◆ Records shown:
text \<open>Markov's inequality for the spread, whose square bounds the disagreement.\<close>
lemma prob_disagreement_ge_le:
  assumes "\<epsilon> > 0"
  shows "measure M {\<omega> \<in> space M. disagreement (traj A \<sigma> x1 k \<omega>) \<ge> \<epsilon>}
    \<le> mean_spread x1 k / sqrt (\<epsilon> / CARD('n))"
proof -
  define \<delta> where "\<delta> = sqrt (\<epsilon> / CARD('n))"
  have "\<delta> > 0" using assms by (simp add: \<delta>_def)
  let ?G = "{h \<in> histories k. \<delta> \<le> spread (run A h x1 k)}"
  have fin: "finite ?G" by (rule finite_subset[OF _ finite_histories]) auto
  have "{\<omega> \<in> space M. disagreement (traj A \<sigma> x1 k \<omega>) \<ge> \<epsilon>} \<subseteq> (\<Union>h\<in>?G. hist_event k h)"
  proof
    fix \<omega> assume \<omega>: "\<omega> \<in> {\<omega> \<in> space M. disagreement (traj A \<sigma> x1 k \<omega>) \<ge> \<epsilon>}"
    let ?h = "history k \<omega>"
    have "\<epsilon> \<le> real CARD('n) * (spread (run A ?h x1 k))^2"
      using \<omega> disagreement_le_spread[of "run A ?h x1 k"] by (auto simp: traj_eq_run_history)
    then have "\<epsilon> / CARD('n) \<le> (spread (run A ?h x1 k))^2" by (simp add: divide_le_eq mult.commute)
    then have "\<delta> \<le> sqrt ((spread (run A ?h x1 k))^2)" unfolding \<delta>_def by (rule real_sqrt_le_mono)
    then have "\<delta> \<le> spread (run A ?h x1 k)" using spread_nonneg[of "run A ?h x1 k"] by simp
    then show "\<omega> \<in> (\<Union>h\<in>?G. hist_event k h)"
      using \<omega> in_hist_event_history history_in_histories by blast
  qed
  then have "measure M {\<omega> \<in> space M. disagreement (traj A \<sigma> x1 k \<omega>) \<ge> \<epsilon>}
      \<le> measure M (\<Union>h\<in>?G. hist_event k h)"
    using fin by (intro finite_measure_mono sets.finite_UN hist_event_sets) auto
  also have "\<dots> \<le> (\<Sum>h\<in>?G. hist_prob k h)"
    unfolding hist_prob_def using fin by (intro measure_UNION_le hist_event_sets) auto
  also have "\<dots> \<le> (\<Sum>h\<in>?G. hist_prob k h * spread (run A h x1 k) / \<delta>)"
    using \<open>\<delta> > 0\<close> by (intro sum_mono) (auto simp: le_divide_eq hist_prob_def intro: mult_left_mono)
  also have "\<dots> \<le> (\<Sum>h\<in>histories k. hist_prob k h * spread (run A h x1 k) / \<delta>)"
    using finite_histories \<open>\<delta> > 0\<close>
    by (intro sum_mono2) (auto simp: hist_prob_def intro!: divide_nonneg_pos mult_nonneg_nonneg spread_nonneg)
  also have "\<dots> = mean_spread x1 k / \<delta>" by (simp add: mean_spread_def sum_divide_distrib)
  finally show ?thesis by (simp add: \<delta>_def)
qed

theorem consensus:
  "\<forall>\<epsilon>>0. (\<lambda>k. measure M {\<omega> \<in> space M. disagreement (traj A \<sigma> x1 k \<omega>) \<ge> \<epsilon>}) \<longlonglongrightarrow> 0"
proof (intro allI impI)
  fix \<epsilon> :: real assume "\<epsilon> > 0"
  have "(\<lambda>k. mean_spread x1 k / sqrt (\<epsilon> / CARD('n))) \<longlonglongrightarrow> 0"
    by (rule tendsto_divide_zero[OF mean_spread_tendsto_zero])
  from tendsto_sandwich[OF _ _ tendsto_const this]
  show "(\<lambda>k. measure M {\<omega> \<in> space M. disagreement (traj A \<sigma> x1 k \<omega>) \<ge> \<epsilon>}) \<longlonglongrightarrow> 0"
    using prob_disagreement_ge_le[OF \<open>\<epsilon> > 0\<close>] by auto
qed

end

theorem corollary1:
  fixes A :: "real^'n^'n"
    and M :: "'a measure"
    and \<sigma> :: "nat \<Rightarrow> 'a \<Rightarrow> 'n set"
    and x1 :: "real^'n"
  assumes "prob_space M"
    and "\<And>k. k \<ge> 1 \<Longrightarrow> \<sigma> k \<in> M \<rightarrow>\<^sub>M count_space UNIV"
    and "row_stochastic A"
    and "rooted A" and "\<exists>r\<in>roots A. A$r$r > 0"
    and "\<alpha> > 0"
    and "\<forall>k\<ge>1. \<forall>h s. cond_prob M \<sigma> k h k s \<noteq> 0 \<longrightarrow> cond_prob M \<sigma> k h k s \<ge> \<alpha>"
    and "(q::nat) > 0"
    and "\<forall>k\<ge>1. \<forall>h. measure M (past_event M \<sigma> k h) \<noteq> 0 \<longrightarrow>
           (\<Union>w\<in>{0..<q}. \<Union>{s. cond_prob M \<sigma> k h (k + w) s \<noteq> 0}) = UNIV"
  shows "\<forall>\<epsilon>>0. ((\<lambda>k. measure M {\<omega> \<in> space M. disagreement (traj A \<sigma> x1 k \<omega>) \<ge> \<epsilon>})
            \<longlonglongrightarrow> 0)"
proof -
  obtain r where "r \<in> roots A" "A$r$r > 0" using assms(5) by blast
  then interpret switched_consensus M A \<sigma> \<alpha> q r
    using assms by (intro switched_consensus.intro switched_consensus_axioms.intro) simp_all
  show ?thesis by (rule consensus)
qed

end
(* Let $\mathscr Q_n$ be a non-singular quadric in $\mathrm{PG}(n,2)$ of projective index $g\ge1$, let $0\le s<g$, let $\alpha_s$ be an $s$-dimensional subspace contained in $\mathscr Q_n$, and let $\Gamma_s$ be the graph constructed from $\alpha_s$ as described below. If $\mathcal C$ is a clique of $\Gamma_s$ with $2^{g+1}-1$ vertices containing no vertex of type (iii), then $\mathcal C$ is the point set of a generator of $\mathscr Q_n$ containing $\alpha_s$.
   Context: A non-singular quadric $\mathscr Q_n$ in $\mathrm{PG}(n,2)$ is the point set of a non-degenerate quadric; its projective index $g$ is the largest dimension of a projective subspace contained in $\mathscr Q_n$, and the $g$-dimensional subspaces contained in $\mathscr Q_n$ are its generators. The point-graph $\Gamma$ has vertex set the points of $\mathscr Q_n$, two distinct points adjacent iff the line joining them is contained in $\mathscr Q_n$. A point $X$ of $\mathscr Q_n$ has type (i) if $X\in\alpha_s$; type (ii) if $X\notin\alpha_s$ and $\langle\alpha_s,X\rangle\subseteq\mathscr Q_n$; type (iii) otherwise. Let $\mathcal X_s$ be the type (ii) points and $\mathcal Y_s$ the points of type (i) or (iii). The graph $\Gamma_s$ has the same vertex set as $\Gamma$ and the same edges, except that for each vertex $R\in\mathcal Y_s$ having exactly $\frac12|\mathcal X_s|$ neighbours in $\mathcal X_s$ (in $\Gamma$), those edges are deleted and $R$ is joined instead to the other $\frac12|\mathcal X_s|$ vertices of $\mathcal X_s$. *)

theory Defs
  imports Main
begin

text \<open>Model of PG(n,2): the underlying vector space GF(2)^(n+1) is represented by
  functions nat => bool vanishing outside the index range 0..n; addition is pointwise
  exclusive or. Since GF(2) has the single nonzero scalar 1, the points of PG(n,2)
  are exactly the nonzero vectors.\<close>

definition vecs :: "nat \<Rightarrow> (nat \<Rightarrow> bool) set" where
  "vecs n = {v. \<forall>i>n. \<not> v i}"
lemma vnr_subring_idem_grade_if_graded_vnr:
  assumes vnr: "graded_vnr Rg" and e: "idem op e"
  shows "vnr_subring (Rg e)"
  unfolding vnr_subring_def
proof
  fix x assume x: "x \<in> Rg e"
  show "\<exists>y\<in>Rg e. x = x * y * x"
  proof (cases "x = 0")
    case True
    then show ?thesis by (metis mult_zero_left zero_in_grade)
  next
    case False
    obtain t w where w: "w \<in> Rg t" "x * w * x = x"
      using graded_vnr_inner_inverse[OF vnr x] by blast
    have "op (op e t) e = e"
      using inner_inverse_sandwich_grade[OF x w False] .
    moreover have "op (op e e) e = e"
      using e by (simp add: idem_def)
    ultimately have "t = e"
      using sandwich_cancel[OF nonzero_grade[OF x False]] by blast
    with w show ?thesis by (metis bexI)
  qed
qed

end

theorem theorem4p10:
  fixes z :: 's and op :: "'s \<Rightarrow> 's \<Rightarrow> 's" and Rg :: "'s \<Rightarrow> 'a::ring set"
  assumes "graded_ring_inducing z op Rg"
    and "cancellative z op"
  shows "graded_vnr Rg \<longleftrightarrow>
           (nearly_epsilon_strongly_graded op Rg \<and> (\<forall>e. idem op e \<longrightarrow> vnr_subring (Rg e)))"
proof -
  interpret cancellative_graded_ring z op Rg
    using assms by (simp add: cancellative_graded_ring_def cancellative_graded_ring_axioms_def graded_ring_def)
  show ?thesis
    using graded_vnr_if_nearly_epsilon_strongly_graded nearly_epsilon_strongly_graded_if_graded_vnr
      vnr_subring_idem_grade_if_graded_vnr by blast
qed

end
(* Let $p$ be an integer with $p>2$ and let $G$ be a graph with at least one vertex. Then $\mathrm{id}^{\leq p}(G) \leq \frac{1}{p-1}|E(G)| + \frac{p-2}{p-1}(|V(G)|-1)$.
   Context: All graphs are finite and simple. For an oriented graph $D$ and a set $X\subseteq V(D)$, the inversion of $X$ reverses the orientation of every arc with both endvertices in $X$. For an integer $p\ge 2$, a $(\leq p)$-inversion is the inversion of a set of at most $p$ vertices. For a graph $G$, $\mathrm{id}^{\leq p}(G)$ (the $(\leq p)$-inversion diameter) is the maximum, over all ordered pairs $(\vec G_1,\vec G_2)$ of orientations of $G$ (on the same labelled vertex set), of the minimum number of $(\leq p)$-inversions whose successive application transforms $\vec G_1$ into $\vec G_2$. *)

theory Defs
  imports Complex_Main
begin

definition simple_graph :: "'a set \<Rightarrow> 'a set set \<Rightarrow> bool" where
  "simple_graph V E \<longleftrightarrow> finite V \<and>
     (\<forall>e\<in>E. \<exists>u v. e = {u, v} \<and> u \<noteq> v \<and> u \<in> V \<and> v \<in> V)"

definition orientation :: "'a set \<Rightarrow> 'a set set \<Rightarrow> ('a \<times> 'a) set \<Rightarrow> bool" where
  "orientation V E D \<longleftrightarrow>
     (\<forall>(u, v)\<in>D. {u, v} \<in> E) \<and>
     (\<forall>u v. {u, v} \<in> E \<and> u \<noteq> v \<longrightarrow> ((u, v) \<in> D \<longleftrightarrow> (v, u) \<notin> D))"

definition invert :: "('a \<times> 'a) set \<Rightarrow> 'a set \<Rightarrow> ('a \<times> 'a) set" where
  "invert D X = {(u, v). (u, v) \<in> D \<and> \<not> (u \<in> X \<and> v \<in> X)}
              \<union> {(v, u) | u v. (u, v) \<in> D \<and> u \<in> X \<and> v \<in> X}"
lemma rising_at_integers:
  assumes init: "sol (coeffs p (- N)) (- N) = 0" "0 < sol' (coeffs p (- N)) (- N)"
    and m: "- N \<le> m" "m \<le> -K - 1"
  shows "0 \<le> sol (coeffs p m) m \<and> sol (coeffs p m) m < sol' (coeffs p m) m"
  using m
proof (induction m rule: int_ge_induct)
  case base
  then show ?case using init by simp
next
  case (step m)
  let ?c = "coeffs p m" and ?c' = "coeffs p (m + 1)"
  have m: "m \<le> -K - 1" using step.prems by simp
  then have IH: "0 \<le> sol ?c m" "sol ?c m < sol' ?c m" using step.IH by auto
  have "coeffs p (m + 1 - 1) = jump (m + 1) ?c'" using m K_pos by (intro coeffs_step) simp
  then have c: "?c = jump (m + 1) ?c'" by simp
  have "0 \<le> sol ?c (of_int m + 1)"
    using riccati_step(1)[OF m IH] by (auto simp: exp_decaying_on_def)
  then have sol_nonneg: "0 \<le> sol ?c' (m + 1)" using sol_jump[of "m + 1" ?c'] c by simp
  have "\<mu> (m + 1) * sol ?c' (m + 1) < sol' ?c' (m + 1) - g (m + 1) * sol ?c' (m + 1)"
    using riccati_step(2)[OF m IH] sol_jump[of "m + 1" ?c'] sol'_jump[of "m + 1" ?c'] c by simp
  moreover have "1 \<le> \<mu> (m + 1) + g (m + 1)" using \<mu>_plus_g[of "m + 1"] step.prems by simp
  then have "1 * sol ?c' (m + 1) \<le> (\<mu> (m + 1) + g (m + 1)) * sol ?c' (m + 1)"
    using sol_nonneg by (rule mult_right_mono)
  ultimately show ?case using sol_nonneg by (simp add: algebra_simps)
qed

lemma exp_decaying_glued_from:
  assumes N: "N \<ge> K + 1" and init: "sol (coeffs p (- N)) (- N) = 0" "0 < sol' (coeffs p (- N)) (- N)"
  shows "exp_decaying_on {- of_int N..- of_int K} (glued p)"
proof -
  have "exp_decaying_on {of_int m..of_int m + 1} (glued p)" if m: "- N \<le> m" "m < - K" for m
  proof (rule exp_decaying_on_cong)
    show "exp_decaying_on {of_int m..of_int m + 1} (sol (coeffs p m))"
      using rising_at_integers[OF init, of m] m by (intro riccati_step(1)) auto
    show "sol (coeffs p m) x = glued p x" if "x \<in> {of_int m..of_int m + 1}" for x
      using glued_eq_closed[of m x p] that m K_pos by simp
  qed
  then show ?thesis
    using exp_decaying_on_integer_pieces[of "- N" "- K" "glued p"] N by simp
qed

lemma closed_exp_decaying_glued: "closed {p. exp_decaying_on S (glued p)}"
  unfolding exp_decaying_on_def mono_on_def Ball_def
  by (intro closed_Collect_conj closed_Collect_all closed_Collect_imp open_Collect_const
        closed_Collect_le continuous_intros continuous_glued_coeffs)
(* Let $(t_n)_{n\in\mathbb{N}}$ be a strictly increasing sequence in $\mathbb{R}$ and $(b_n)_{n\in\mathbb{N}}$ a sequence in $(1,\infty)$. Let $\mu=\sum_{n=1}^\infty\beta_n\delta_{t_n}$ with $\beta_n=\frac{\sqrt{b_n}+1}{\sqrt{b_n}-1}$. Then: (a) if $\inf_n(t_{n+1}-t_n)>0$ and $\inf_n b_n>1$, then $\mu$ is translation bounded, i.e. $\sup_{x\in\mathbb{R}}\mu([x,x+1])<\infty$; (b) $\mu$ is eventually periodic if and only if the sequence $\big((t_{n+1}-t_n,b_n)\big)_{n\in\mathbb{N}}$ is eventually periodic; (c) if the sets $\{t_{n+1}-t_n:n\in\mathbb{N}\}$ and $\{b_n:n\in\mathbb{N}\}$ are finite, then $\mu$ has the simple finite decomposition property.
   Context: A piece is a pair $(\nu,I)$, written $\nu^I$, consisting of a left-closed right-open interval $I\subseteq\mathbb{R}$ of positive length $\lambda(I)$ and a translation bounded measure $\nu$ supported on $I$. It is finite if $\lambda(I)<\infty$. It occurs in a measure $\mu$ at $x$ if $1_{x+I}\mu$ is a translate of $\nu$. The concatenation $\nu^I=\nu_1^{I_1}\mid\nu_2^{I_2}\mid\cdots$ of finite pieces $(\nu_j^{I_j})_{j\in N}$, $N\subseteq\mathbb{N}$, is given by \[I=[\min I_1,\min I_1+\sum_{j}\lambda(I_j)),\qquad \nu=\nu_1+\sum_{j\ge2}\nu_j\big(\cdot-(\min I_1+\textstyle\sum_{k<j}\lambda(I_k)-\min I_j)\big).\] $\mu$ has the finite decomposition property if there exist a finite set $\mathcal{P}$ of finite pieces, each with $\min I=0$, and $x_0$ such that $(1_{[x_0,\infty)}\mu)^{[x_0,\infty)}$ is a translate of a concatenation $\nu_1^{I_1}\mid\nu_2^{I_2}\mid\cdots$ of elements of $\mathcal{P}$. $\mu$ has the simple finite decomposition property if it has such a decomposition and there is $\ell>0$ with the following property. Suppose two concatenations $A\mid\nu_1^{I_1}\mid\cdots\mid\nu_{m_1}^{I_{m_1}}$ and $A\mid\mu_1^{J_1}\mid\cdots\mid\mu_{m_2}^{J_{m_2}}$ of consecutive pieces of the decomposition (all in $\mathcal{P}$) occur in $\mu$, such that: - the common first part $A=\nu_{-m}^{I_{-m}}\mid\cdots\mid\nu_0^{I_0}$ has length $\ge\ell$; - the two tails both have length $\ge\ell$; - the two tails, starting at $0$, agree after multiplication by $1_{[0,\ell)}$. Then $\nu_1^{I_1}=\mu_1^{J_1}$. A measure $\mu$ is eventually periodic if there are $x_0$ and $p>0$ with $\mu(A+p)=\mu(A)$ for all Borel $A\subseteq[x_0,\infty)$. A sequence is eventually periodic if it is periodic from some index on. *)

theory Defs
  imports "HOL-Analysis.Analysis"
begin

◆ Problem to solve: Set out every line from the material that contains the string "invert".

◆ Answer area:
definition invert :: "('a \<times> 'a) set \<Rightarrow> 'a set \<Rightarrow> ('a \<times> 'a) set" where
  "invert D X = {(u, v). (u, v) \<in> D \<and> \<not> (u \<in> X \<and> v \<in> X)}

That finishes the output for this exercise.